# Antiques, Collectibles and Old Stuff from Back in the Day Thread



## SeaBreeze (Jun 12, 2014)

Let's share any antiques, collectibles, or old stuff we saved ourselves, inherited or picked up at a garage sale or flea market.  I don't have anything valuable, but here's some of my old stuff.  

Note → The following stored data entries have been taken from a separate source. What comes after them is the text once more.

(* Let $\theta$ be masked attention parameters with $d_{\mathrm{in}}(\theta)=d$ and let $\Gamma_\theta$ be the masked attention map, restricted to $\mathrm{Lip}_C^\sigma(\tilde\Omega)\times\tilde\Omega$. Then: (a) $\Gamma_\theta$ is causal and identifiable; (b) for all $(\mu,x,t)\in\mathrm{Lip}_C^\sigma(\tilde\Omega)\times\tilde\Omega$, $\Gamma_\theta(\mu,x,t)=\bar\Gamma_\theta(\mu_t,x)$; (c) the map $\mathcal{X}_C^\sigma\ni(\nu,x)\mapsto\bar\Gamma_\theta(\nu,x)$ is continuous for the product of the weak$^*$ and Euclidean topologies.
   Context: $\Omega\subset\mathbb{R}^d$ compact, $\tilde\Omega=\Omega\times[0,1]$, $C>0$, $\sigma\in(0,1)$, $\bar\mu$ the time marginal of $\mu$. $\mathrm{Lip}_C^\sigma(\tilde\Omega)$: all $\mu\in\mathcal{P}(\tilde\Omega)$ with $\bar\mu(\{0\})\ge\sigma$ admitting a disintegration $d\mu(x,s)=d\mu(x|s)d\bar\mu(s)$ with $W_2(\mu(\cdot|s),\mu(\cdot|t))\le C|s-t|$. Masked measure: $\mu_t=\frac{1_{[0,t]}}{\bar\mu([0,t])}\cdot\mu$, $t\in[0,1]$ (equal to $\mu(\cdot|0)\otimes\delta_0$ at $t=0$). Causal: $\Lambda(\mu,x,t)=\Lambda(\mu_t,x,t)$ for all $(\mu,x,t)\in\mathrm{Lip}_C^\sigma(\tilde\Omega)\times\tilde\Omega$. Identifiable: for $\mu\in\mathrm{Lip}_C^\sigma(\tilde\Omega)$, $t,t'\in[0,1]$, $\mu_t=\mu_{t'}$ implies $\Lambda(\mu_t,\cdot,t)=\Lambda(\mu_{t'},\cdot,t')$. Masked attention with $\theta=(W^h,K^h,Q^h,V^h)_{h=1}^H$, $K^h,Q^h\in\mathbb{R}^{k\times d_{\mathrm{in}}}$, $V^h\in\mathbb{R}^{d_{\mathrm{head}}\times d_{\mathrm{in}}}$, $W^h\in\mathbb{R}^{d_{\mathrm{in}}\times d_{\mathrm{head}}}$: $$\Gamma_\theta(\mu,x,t)=x+\sum_{h=1}^HW^h\int\frac{\exp(\frac1{\sqrt k}\langle Q^hx,K^hy\rangle)1_{[0,t]}(r)}{\int\exp(\frac1{\sqrt k}\langle Q^hx,K^hz\rangle)1_{[0,t]}(s)\,d\mu(z,s)}V^hy\,d\mu(y,r).$$ Reduced map: $\bar\Lambda(\mu,x)=\Lambda(\mu,x,e(\bar\mu))$ with $e(\bar\mu)=\max\operatorname{supp}(\bar\mu)$. $\mathcal{X}_C^\sigma=\{(\mu_t,x):\mu\in\mathrm{Lip}_C^\sigma(\tilde\Omega),x\in\Omega,t\in[0,1]\}$. *)

theory Defs
  imports "HOL-Probability.Probability"
begin

type_synonym 'd tmeas = "((real^'d) \<times> real) measure"

definition tmarg :: "'d tmeas \<Rightarrow> real measure" where
  "tmarg \<mu> = distr \<mu> borel snd"

text \<open>Probability measures on \<Omega> x [0,1] (Borel measures on R^d x R concentrated there).\<close>
definition Pmeas :: "(real^'d) set \<Rightarrow> 'd tmeas set" where
  "Pmeas \<Omega> = {\<mu>. prob_space \<mu> \<and> sets \<mu> = sets borel \<and> emeasure \<mu> (\<Omega> \<times> {0..1}) = 1}"

definition couplings :: "(real^'d) measure \<Rightarrow> (real^'d) measure \<Rightarrow> ((real^'d) \<times> (real^'d)) measure set" where
  "couplings \<alpha> \<beta> = {\<pi>. prob_space \<pi> \<and> sets \<pi> = sets borel \<and>
      distr \<pi> borel fst = \<alpha> \<and> distr \<pi> borel snd = \<beta>}"
(* For any $\epsilon\in(0,1)$, $\nu_{\mathrm{NQF}}(\{\psi:M^\gamma_{\mathrm{ref}}(\psi)(1)\in(\epsilon,\epsilon^{-1})\})<\infty$. Moreover, if $Z:\mathring H^{0-}_{\mathrm{ref}}\to\mathbb R$ is such that $Z(\psi)$ is a centered Gaussian random variable when $\psi\sim\mu_{\mathrm{ref}}$, then the random variable $Z\big(\psi-\omega_{\mathrm{ref}}(\psi)/\omega_{\mathrm{ref}}(1)\big)\,1_{\{M^\gamma_{\mathrm{ref}}(\psi)(1)\in(\epsilon,\epsilon^{-1})\}}$ lies in $L^p(\nu_{\mathrm{NQF}})$ for all $p\ge1$.
   Context: $M$ closed manifold of even dimension $n$, metric $g_{\mathrm{ref}}$ with volume measure $\omega_{\mathrm{ref}}$, co-polyharmonic (GJMS) operator $P_{\mathrm{ref}}$ (positive semi-definite with kernel the constants) and constant Branson $Q$-curvature $Q_{\mathrm{ref}}$ with $Q_{\mathrm{ref}}(1)=\int Q_{\mathrm{ref}}\omega_{\mathrm{ref}}<(4\pi)^{n/2}(n/2-1)!$. $f\in C^\infty(M)$, $f>0$; $\sigma^2<2n^{-1}(4\pi)^{n/2}(n/2-1)!$; $a_n=\frac{2}{(n/2-1)!(4\pi)^{n/2}}$; $p_{\mathrm{ref}}=a_nP_{\mathrm{ref}}$; $\gamma=n\sigma\sqrt{a_n/2}$. $H^{0-}_{\mathrm{ref}}=\bigcap_{s>0}H^{-s}_{\mathrm{ref}}$ with $H^{s}_{\mathrm{ref}}$ the Sobolev spaces defined via $(1+p_{\mathrm{ref}})^{-s/n}$, $\mathring H^{0-}_{\mathrm{ref}}$ the mean-zero part. $\mu_{\mathrm{ref}}$: centered Gaussian measure on $\mathring H^{0-}_{\mathrm{ref}}$ with covariance kernel the Green kernel of $p_{\mathrm{ref}}$ on mean-zero functions. $M^\gamma_{\mathrm{ref}}$: co-polyharmonic Gaussian multiplicative chaos map from $H^{0-}_{\mathrm{ref}}$ to finite Borel measures, with $M^\gamma_{\mathrm{ref}}(\psi+c)=e^{\gamma c}M^\gamma_{\mathrm{ref}}(\psi)$ and $\mathbb E_{\mu_{\mathrm{ref}}}[M^\gamma_{\mathrm{ref}}(\psi)(1)^q]<\infty$ for $q<2n/\gamma^2$. $\nu_{\mathrm{NQF}}(A)=\int_{\mathbb R}\int_{\mathring H^{0-}_{\mathrm{ref}}}1_A(\psi+c)M^\gamma_{\mathrm{ref}}(\psi)(f)^{2Q_{\mathrm{ref}}(1)/(n\sigma^2)}\mu_{\mathrm{ref}}(d\psi)dc$. *)

theory Defs
  imports "HOL-Probability.Probability"
begin
(* Let $\mathcal{H}$ and $\mathcal{K}$ be finite-dimensional complex Hilbert spaces and let $\Psi: B(\mathcal{H})\to B(\mathcal{K})$ be a Hermitian-preserving trace-preserving linear map. Then the following are equivalent: (1) $\Psi$ is semi-nonnegative; (2) there exist CPTP maps $\Phi: B(\mathcal{H})\to B(\mathcal{H})$ and $\Xi: B(\mathcal{H})\to B(\mathcal{K})$ such that $\Psi\circ\Phi=\Xi$.
   Context: $B(\mathcal{H})$ denotes the space of all linear operators on $\mathcal{H}$. A density matrix is a positive semidefinite operator of trace one. A linear map $\Psi$ is Hermitian-preserving if $\Psi(X^\dagger)=\Psi(X)^\dagger$ for all $X$ and trace-preserving if $\operatorname{Tr}\Psi(X)=\operatorname{Tr}X$. A Hermitian-preserving trace-preserving map $\Psi: B(\mathcal{H})\to B(\mathcal{K})$ is semi-nonnegative (SN) if there exists a density matrix $\rho\in B(\mathcal{H})$ such that $\Psi(\rho)$ is a density matrix. *)

theory Defs
  imports "Jordan_Normal_Form.Matrix"
begin

text \<open>B(H) with dim H = n is modelled as the complex n x n matrices (carrier_mat n n).\<close>

definition mtrace :: "complex mat \<Rightarrow> complex" where
  "mtrace A = (\<Sum>i<dim_row A. A $$ (i, i))"

definition madj :: "complex mat \<Rightarrow> complex mat" where
  "madj A = mat (dim_col A) (dim_row A) (\<lambda>(i, j). cnj (A $$ (j, i)))"

definition lin_map :: "nat \<Rightarrow> nat \<Rightarrow> (complex mat \<Rightarrow> complex mat) \<Rightarrow> bool" where
  "lin_map n m \<Psi> \<longleftrightarrow>
     (\<forall>A \<in> carrier_mat n n. \<Psi> A \<in> carrier_mat m m) \<and>
     (\<forall>A \<in> carrier_mat n n. \<forall>B \<in> carrier_mat n n. \<Psi> (A + B) = \<Psi> A + \<Psi> B) \<and>
     (\<forall>A \<in> carrier_mat n n. \<forall>c. \<Psi> (c \<cdot>\<^sub>m A) = c \<cdot>\<^sub>m \<Psi> A)"

definition herm_preserving :: "nat \<Rightarrow> (complex mat \<Rightarrow> complex mat) \<Rightarrow> bool" where
  "herm_preserving n \<Psi> \<longleftrightarrow> (\<forall>X \<in> carrier_mat n n. \<Psi> (madj X) = madj (\<Psi> X))"

definition trace_preserving :: "nat \<Rightarrow> (complex mat \<Rightarrow> complex mat) \<Rightarrow> bool" where
  "trace_preserving n \<Psi> \<longleftrightarrow> (\<forall>X \<in> carrier_mat n n. mtrace (\<Psi> X) = mtrace X)"

definition psd :: "nat \<Rightarrow> complex mat \<Rightarrow> bool" where
  "psd d A \<longleftrightarrow> A \<in> carrier_mat d d \<and> madj A = A \<and>
     (\<forall>v \<in> carrier_vec d. (conjugate v \<bullet> (A *\<^sub>v v)) \<in> \<real> \<and> Re (conjugate v \<bullet> (A *\<^sub>v v)) \<ge> 0)"

definition density :: "nat \<Rightarrow> complex mat \<Rightarrow> bool" where
  "density d \<rho> \<longleftrightarrow> psd d \<rho> \<and> mtrace \<rho> = 1"

text \<open>Ampliation id_k \<otimes> \<Psi> on B(C^k \<otimes> C^n), with basis e_i \<otimes> e_a indexed by i*n + a:
  the (i,j) block of the output is \<Psi> applied to the (i,j) block of the input.\<close>
definition ampl :: "nat \<Rightarrow> nat \<Rightarrow> nat \<Rightarrow> (complex mat \<Rightarrow> complex mat) \<Rightarrow> complex mat \<Rightarrow> complex mat" where
  "ampl k n m \<Psi> X = mat (k * m) (k * m) (\<lambda>(p, q).
      \<Psi> (mat n n (\<lambda>(a, b). X $$ ((p div m) * n + a, (q div m) * n + b))) $$ (p mod m, q mod m))"

definition completely_positive :: "nat \<Rightarrow> nat \<Rightarrow> (complex mat \<Rightarrow> complex mat) \<Rightarrow> bool" where
  "completely_positive n m \<Phi> \<longleftrightarrow>
     (\<forall>k. \<forall>X. psd (k * n) X \<longrightarrow> psd (k * m) (ampl k n m \<Phi> X))"

definition cptp :: "nat \<Rightarrow> nat \<Rightarrow> (complex mat \<Rightarrow> complex mat) \<Rightarrow> bool" where
  "cptp n m \<Phi> \<longleftrightarrow> lin_map n m \<Phi> \<and> completely_positive n m \<Phi> \<and> trace_preserving n \<Phi>"

definition semi_nonnegative :: "nat \<Rightarrow> nat \<Rightarrow> (complex mat \<Rightarrow> complex mat) \<Rightarrow> bool" where
  "semi_nonnegative n m \<Psi> \<longleftrightarrow> (\<exists>\<rho>. density n \<rho> \<and> density m (\<Psi> \<rho>))"

end

theory Submission
  imports Defs
begin
lemma sph_eq_inv_stereographic:
  assumes "0 \<le> \<theta>" and "\<theta> < pi"
  shows "sph \<theta> \<phi> = inv_stereographic (tan (\<theta> / 2) * cos \<phi>) (tan (\<theta> / 2) * sin \<phi>)"
proof -
  have "2 * arctan (tan (\<theta> / 2)) = \<theta>"
    using assms by (simp add: arctan_tan)
  then show ?thesis
    using sph_double_arctan[of "tan (\<theta> / 2)" \<phi>] by simp
qed

lemma sph_arccos_exists:
  assumes "norm w = 1"
  shows "\<exists>\<phi>. 0 \<le> \<phi> \<and> \<phi> \<le> 2 * pi \<and> sph (arccos (w$3)) \<phi> = w"
proof -
  define \<theta> where "\<theta> = arccos (w$3)"
  have sq: "(w$1)\<^sup>2 + (w$2)\<^sup>2 + (w$3)\<^sup>2 = 1"
    using assms norm_power2_vec3[of w] by simp
  then have "(w$3)\<^sup>2 \<le> 1"
    using zero_le_power2[of "w$1"] zero_le_power2[of "w$2"] by linarith
  then have "\<bar>w$3\<bar> \<le> 1"
    by (simp add: abs_square_le_1)
  then have "cos \<theta> = w$3" "sin \<theta> = sqrt (1 - (w$3)\<^sup>2)"
    by (simp_all add: \<theta>_def sin_arccos abs_le_iff)
  then have sin2: "(sin \<theta>)\<^sup>2 = (w$1)\<^sup>2 + (w$2)\<^sup>2" and "0 \<le> sin \<theta>"
    using sq \<open>\<bar>w$3\<bar> \<le> 1\<close> by (simp_all add: abs_square_le_1)
  show ?thesis
  proof (cases "sin \<theta> = 0")
    case True
    then have "w$1 = 0" "w$2 = 0"
      using sin2 by (simp_all add: sum_power2_eq_zero_iff)
    with True \<open>cos \<theta> = w$3\<close> show ?thesis
      by (intro exI[of _ 0]) (simp add: vec3_eq_iff sph_def \<theta>_def)
  next
    case False
    have "(w$1 / sin \<theta>)\<^sup>2 + (w$2 / sin \<theta>)\<^sup>2 = ((w$1)\<^sup>2 + (w$2)\<^sup>2) / (sin \<theta>)\<^sup>2"
      by (simp add: power_divide add_divide_distrib)
    also have "\<dots> = 1"
      unfolding sin2[symmetric] using False by simp
    finally obtain \<phi> where "0 \<le> \<phi>" "\<phi> < 2 * pi" "w$1 / sin \<theta> = cos \<phi>" "w$2 / sin \<theta> = sin \<phi>"
      by (rule sincos_total_2pi)
    with False \<open>cos \<theta> = w$3\<close> show ?thesis
      by (intro exI[of _ \<phi>]) (simp add: vec3_eq_iff sph_def \<theta>_def field_simps)
  qed
qed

Cobalt and Clear Glass Bowl...


----------



## SeaBreeze (Jun 12, 2014)

Teapot...


----------



## SeaBreeze (Jun 12, 2014)

Old German Beer Steins...


----------



## Pappy (Jun 12, 2014)

All my stuff is in Florida. I have quite a lot of collectibiles. Will have to find this thread after October.


----------



## SeaBreeze (Jun 12, 2014)

Old Bronze Viking Ship...


----------



## Pappy (Jun 12, 2014)

SeaBreeze. That bronze ship is really nice.


----------



## SeaBreeze (Jun 13, 2014)

Thanks Pappy, it was my husband's fathers ship and is marked Tron Art, Denmark.  Looking forward to seeing some of your collectibles!


----------



## Pappy (Jun 13, 2014)

One sold on EBay, in 2013 for $202.00. Looks like early 1900s was when they were made. I know you would never sell it, but thought you might be interested in value. Pappy


----------



## SeaBreeze (Jun 13, 2014)

I saw it on Ebay in 2001, the seller was The Antiquarium, and the first bid was $295, don't know if they ever sold it, I didn't follow the auction.  I probably would sell it for a decent price, but don't want to work at it.  My husband wouldn't sell it for less that $300, with the buyer paying all shipping costs, etc.


----------